-- Opening Marker --

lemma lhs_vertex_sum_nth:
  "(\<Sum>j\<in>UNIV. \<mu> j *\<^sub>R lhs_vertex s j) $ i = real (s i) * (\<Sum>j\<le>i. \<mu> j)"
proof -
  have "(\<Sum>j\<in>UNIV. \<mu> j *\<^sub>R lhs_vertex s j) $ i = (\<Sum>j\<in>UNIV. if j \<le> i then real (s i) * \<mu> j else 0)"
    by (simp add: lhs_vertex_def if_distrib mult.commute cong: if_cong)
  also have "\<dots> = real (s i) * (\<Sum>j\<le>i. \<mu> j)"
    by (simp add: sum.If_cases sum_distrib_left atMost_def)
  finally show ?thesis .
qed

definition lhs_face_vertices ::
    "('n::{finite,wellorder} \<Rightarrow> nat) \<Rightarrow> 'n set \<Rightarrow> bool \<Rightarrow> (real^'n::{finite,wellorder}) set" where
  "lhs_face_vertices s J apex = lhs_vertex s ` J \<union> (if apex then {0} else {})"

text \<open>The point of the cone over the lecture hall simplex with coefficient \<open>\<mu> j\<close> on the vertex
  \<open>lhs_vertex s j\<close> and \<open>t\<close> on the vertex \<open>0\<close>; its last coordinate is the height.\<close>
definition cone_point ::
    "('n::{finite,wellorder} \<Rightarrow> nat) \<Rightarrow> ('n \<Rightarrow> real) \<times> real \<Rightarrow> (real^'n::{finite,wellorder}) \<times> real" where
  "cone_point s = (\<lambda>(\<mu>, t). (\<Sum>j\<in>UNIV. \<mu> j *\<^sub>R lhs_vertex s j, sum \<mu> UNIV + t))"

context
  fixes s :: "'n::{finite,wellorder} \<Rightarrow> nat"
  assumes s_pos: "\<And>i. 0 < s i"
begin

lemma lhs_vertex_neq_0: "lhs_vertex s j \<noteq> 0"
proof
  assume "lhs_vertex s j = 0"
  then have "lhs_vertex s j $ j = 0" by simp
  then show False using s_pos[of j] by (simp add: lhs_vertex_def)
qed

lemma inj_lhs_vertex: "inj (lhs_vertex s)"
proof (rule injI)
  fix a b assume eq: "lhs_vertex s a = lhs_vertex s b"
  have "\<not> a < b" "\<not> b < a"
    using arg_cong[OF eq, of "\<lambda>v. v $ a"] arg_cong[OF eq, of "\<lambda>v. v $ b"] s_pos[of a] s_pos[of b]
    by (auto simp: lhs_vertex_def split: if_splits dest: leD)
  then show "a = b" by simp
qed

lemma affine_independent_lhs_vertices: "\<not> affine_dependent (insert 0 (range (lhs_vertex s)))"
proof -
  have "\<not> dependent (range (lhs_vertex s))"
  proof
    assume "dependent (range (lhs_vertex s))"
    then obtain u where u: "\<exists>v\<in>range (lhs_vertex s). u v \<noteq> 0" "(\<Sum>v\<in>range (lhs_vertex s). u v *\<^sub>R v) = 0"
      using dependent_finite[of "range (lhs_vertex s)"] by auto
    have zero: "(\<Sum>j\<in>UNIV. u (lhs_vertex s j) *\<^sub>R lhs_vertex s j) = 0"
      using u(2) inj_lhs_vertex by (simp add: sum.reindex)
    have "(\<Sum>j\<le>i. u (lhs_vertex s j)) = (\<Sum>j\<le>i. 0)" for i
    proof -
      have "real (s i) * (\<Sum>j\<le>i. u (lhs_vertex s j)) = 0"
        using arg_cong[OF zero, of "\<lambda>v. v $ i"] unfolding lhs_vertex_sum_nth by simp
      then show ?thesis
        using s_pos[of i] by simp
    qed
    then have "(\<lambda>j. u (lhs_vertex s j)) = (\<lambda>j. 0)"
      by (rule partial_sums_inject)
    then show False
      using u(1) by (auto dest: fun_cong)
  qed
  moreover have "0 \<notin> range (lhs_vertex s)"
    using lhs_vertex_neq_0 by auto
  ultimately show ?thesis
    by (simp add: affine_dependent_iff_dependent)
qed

-- Closing Marker --

__Exercise requirements__
Print exactly the lines above, between the one holding "is the height.\<close>" and the one holding "nat) \<Rightarrow> ('n", inclusive, and nothing besides.

__Result of the exercise__
  \<open>lhs_vertex s j\<close> and \<open>t\<close> on the vertex \<open>0\<close>; its last coordinate is the height.\<close>
definition cone_point ::
    "('n::{finite,wellorder} \<Rightarrow> nat) \<Rightarrow> ('n \<Rightarrow> real) \<times> real \<Rightarrow> (real^'n::{finite,wellorder}) \<times> real" where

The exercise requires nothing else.